- _Exercise brief_
Would you find each line in the entries below with the string "topspace" and copy it?

- _Data supplied_
BEGIN
(* Let $q$ be a prime power and $1\le s<t\le k$ integers. There exists a linear AOA$(s,t,k,q)$ if and only if there exists a linear MDS code $C$ of length $k$ and dimension $t$ over $\mathbb{F}_q$ which contains a linear MDS code $C'\subseteq C$ of length $k$ and dimension $s$ over $\mathbb{F}_q$.
   Context: An orthogonal array OA$(t,k,v)$ (with $1\le t\le k$) is a $v^t\times k$ array with entries from a set $X$ of size $v$ such that, for every choice of $t$ of its columns, each $t$-tuple in $X^t$ appears exactly once as a row of the corresponding $v^t\times t$ subarray. For integers $1\le s\le t\le k$, an augmented orthogonal array AOA$(s,t,k,v)$ is a $v^t\times(k+1)$ array $A$ such that: (1) the first $k$ columns of $A$ form an OA$(t,k,v)$ on a symbol set $X$ of size $v$; (2) the last column of $A$ has entries from a set $Y$ of size $v^{t-s}$; (3) for any choice of $s$ of the first $k$ columns, these $s$ columns together with the last column contain every $(s+1)$-tuple of $X^s\times Y$ exactly once as a row. For a prime power $q$, an OA$(t,k,q)$ over $\mathbb{F}_q$ is linear if its set of rows is a $t$-dimensional $\mathbb{F}_q$-subspace of $\mathbb{F}_q^k$; an AOA$(s,t,k,q)$ is linear if $X=\mathbb{F}_q$, $Y=\mathbb{F}_q^{t-s}$, and its set of rows, regarded as vectors in $\mathbb{F}_q^{k}\times\mathbb{F}_q^{t-s}=\mathbb{F}_q^{k+t-s}$, is an $\mathbb{F}_q$-linear subspace. A linear code of length $k$ and dimension $t$ over $\mathbb{F}_q$ is a $t$-dimensional subspace of $\mathbb{F}_q^k$; it is MDS (maximum distance separable) if its minimum Hamming distance is $k-t+1$ (equivalently, any $t$ columns of a $t\times k$ generator matrix are linearly independent). *)

theory Defs
  imports Complex_Main "HOL-Library.Function_Algebras" "HOL-Library.FuncSet"
begin

text \<open>Vectors of \<open>F_q^n\<close> are modelled as functions \<open>nat \<Rightarrow> 'a\<close> that vanish outside \<open>{0..<n}\<close>;
  coordinate \<open>i\<close> is column \<open>i\<close>.\<close>

definition fscale :: "'a::field \<Rightarrow> (nat \<Rightarrow> 'a) \<Rightarrow> (nat \<Rightarrow> 'a)" where
  "fscale c v = (\<lambda>i. c * v i)"

interpretation fv: vector_space fscale
  by unfold_locales (auto simp: fscale_def algebra_simps fun_eq_iff)

definition vecs :: "nat \<Rightarrow> (nat \<Rightarrow> 'a::zero) set" where
  "vecs n = {v. \<forall>i\<ge>n. v i = 0}"

definition linear_code :: "nat \<Rightarrow> nat \<Rightarrow> (nat \<Rightarrow> 'a::field) set \<Rightarrow> bool" where
  "linear_code k d C \<longleftrightarrow> C \<subseteq> vecs k \<and> fv.subspace C \<and> fv.dim C = d"

definition hamming_dist :: "nat \<Rightarrow> (nat \<Rightarrow> 'a) \<Rightarrow> (nat \<Rightarrow> 'a) \<Rightarrow> nat" where
  "hamming_dist k x y = card {i\<in>{0..<k}. x i \<noteq> y i}"

definition min_dist :: "nat \<Rightarrow> (nat \<Rightarrow> 'a) set \<Rightarrow> nat" where
  "min_dist k C = Min {hamming_dist k x y | x y. x \<in> C \<and> y \<in> C \<and> x \<noteq> y}"

definition MDS_code :: "nat \<Rightarrow> nat \<Rightarrow> (nat \<Rightarrow> 'a::field) set \<Rightarrow> bool" where
  "MDS_code k d C \<longleftrightarrow> linear_code k d C \<and> min_dist k C = k - d + 1"
(* (1) Let $1\le i,j\le d$ with $i\ne j$ and $m,n\in\mathbb Z_{<0}$. Then there is $\alpha\in\mathbb C\setminus\{0\}$ with $v^{ij}(m,n)\mathbf 1=\alpha\,L_r^{ii}(-1)^{-m-1}L_r^{jj}(-1)^{-n-1}L_r^{ij}(-2)\mathbf 1$ in $M_r$. (2) Let $1\le i\le d$ and $m,n\in\mathbb Z_{<0}$ with $m\le -2$, and let $1\le j\le d$ with $j\ne i$ be arbitrary. Then there is $\beta\in\mathbb C\setminus\{0\}$ with $v^{ii}(m,n)\mathbf 1=\beta\,L_r^{ii}(0)L_r^{ij}(-1)L_r^{ii}(-1)^{-n-1}L_r^{jj}(-1)^{-m-2}L_r^{ij}(-2)\mathbf 1$.
   Context: Fix an integer $d\ge 2$ and $r\in\mathbb{C}$. Let $\hat{\mathfrak h}$ be the complex Lie algebra with basis $\{v^i(m)\mid 1\le i\le d,\ m\in\mathbb{Z}\}\cup\{\mathbf c\}$ and bracket $[v^i(m),v^j(n)]=\delta_{m+n,0}\delta_{i,j}\,m\,\mathbf c$, $[\mathbf c,\hat{\mathfrak h}]=0$. In $A=U(\hat{\mathfrak h})/\langle \mathbf c-1\rangle$ let $v^{ij}(m,n)$ be the image of $v^i(m)v^j(n)$; then $v^{ij}(m,n)=v^{ji}(n,m)$ unless $i=j$ and $m=-n$, and $v^{ii}(m,-m)=v^{ii}(-m,m)+m$. Let $\mathcal B=\{v^{ii}(m,n)\mid 1\le i\le d,\ m\le n\}\cup\{v^{ij}(m,n)\mid 1\le i<j\le d,\ m,n\in\mathbb Z\}$; then $\mathcal B\cup\{1\}$ is linearly independent, $\mathcal L:=\mathrm{span}_{\mathbb C}\mathcal B\oplus\mathbb C\subset A$ contains every $v^{ij}(m,n)$ and is closed under $[x,y]=xy-yx$. With $\pi_1,\pi_2$ the projections of $\mathcal L$ onto $\mathrm{span}\,\mathcal B$ and onto $\mathbb C$, $[x,y]_r=\pi_1([x,y])+r\pi_2([x,y])$ is a Lie bracket on $\mathcal L$; call this Lie algebra $\mathcal L_r$. Let $\mathcal B_+=\{v^{ij}(m,n)\in\mathcal B\mid m\ge 0\text{ or }n\ge 0\}$, $\mathcal L_r^+=\mathrm{span}\,\mathcal B_+\oplus\mathbb C$, and $M_r=U(\mathcal L_r)\otimes_{U(\mathcal L_r^+)}\mathbb C\mathbf 1$, where $\mathcal B_+$ acts by $0$ on $\mathbf 1$ and $s\in\mathbb C\subset\mathcal L_r$ acts by the scalar $s$. Define operators on $M_r$: $L_r^{ij}(m)=\frac12\sum_{h\in\mathbb Z}v^{ij}(m-h,h)$ if $i\ne j$ or $m\ne0$, and $L_r^{ii}(0)=\frac12 v^{ii}(0,0)+\sum_{h>0}v^{ii}(-h,h)$ (on each vector only finitely many terms are nonzero). *)

theory Defs
  imports Complex_Main
begin
(* Let $X$ be a Hausdorff space without isolated points. If \textsc{Bob} has a winning strategy in the game $\mathsf{BM}_\mathrm{fin}(X)$, then $X$ is productively Baire.
   Context: The game $\mathsf{BM}_\mathrm{fin}(X)$ on a topological space $X$ is played by \textsc{Alice} and \textsc{Bob} as follows. \textsc{Alice} plays a non-empty open set $A_0$; \textsc{Bob} plays a finite collection $\mathcal{B}_0$ of non-empty open subsets of $A_0$. In inning $n+1$, for each $B \in \mathcal{B}_n$ \textsc{Alice} plays a non-empty open set $A_B \subseteq B$; let $\mathcal{A}_{n+1}=\{A_B : B\in\mathcal{B}_n\}$; then \textsc{Bob} plays a finite collection $\mathcal{B}_{n+1}$ of non-empty open subsets of $\bigcup\mathcal{A}_{n+1}$. Put $B_n=\bigcup\mathcal{B}_n$. \textsc{Bob} wins the play if $\bigcap_{n\in\omega}B_n\neq\emptyset$; otherwise \textsc{Alice} wins. A Baire space is a space in which countable intersections of dense open sets are dense. A Baire space $X$ is productively Baire if $X\times Y$ is Baire for every Baire space $Y$. *)

theory Defs
  imports "HOL-Analysis.Analysis"
begin

definition Baire_space :: "'a topology \<Rightarrow> bool" where
  "Baire_space X \<longleftrightarrow>
     (\<forall>U :: nat \<Rightarrow> 'a set.
        (\<forall>n. openin X (U n) \<and> X closure_of (U n) = topspace X) \<longrightarrow>
        X closure_of (topspace X \<inter> (\<Inter>n. U n)) = topspace X)"
(* Let $G=\langle a,b\mid aba^{-1}=b^{-1}\rangle$ (the fundamental group of the Klein bottle). For $d\geq1$ put $$a_d=\begin{cases}1 & d\text{ odd},\\ \frac{d+6}{4} & d\equiv 2 \pmod 4,\\ \frac{d+4}{4} & d\equiv 0\pmod 4.\end{cases}$$ Then for every $n\geq1$ the number of conjugacy classes of subgroups of index $n$ in $G$ equals $\sum_{d\mid n}a_d$. *)

theory Defs
  imports "HOL-Algebra.Coset"
begin

text \<open>Concrete model of G = <a,b | a b a^-1 = b^-1>: the pair (k, m) stands for b^k a^m.
  Multiplication: (b^k a^m)(b^l a^n) = b^(k + (-1)^m l) a^(m+n).\<close>

definition klein_group :: "(int \<times> int) monoid" where
  "klein_group = \<lparr> carrier = UNIV,
     mult = (\<lambda>(k, m) (l, n). (k + (if even m then l else - l), m + n)),
     one = (0, 0) \<rparr>"

definition klein_a :: "int \<times> int" where "klein_a = (0, 1)"
definition klein_b :: "int \<times> int" where "klein_b = (1, 0)"

definition subgroups_of_index :: "('g, 'c) monoid_scheme \<Rightarrow> nat \<Rightarrow> 'g set set" where
  "subgroups_of_index G n = {H. subgroup H G \<and> card (RCOSETS G H) = n}"

definition conjugate_subgroups :: "('g, 'c) monoid_scheme \<Rightarrow> 'g set \<Rightarrow> 'g set \<Rightarrow> bool" where
  "conjugate_subgroups G H K \<longleftrightarrow>
     (\<exists>g \<in> carrier G. K = (\<lambda>h. g \<otimes>\<^bsub>G\<^esub> h \<otimes>\<^bsub>G\<^esub> inv\<^bsub>G\<^esub> g) ` H)"

definition num_conj_classes_index :: "('g, 'c) monoid_scheme \<Rightarrow> nat \<Rightarrow> nat" where
  "num_conj_classes_index G n =
     card (subgroups_of_index G n // {(H, K). conjugate_subgroups G H K})"

definition klein_a_seq :: "nat \<Rightarrow> nat" where
  "klein_a_seq d = (if odd d then 1
                    else if d mod 4 = 2 then (d + 6) div 4
                    else (d + 4) div 4)"

end

theory Submission
  imports Defs "HOL-Algebra.Generated_Groups"
begin
lemma admissible_delv:
  assumes adm: "admissible E L"
    and L': "\<forall>z. L' z = L z \<or> (u \<in> nbrs E z \<and> (\<exists>c. L' z = L z - {c}))"
  shows "admissible (delv E u) L'"
  unfolding admissible_def
proof (intro allI conjI)
  fix z
  have fin: "finite (nbrs E z)" using admissibleD(1)[OF adm] .
  show "finite (nbrs (delv E u) z)" using fin nbrs_delv_subset finite_subset by metis
  show "deg (delv E u) z \<le> 3" using deg_delv_le[OF fin, of u] admissibleD(2)[OF adm, of z] by linarith
  show "nbrs (delv E u) z \<noteq> {} \<longrightarrow> L' z \<subseteq> colors \<and> deg (delv E u) z + 1 \<le> card (L' z)"
  proof
    assume "nbrs (delv E u) z \<noteq> {}"
    then obtain y where "y \<in> nbrs E z" using nbrs_delv_subset[of E u z] by blast
    then have Lz: "L z \<subseteq> colors" "deg E z + 1 \<le> card (L z)" using admissibleD[OF adm] by blast+
    have "finite (L z)" using Lz(1) finite_colors finite_subset by blast
    from L' consider "L' z = L z" | c where "u \<in> nbrs E z" "L' z = L z - {c}" by blast
    then show "L' z \<subseteq> colors \<and> deg (delv E u) z + 1 \<le> card (L' z)"
    proof cases
      case 1
      then show ?thesis using Lz deg_delv_le[OF fin, of u] by simp
    next
      case 2
      have "card (L z) - 1 \<le> card (L z - {c})" by (simp add: card_Diff_singleton_if \<open>finite (L z)\<close>)
      then show ?thesis using Lz 2 deg_delv_nbr[OF fin 2(1)] by auto
    qed
  qed
qed

lemma reachable_at_delv:
  assumes adm: "admissible E L" and u: "u \<in> nbrs E z"
    and L': "\<forall>z. L' z = L z \<or> (u \<in> nbrs E z \<and> (\<exists>c. L' z = L z - {c}))"
    and same: "L' z = L z"
  shows "reachable_at (delv E u) L' z"
proof -
  have fin: "finite (nbrs E z)" using admissibleD(1)[OF adm] .
  have "deg (delv E u) z = deg E z - 1" "1 \<le> deg E z" using deg_delv_nbr[OF fin u] by auto
  moreover have "deg E z \<le> 3" "L z \<subseteq> colors" "deg E z + 1 \<le> card (L z)"
    using admissibleD(2)[OF adm] admissibleD(3,4)[OF adm u] by auto
  ultimately show ?thesis
    unfolding reachable_at_def using admissible_delv[OF adm L'] same by auto
qed

lemma Lmod_0 [simp]: "Lmod L ns 0 j = L"
  by (simp add: Lmod_def)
END
- _Solution to the problem_
        (\<forall>n. openin X (U n) \<and> X closure_of (U n) = topspace X) \<longrightarrow>
        X closure_of (topspace X \<inter> (\<Inter>n. U n)) = topspace X)"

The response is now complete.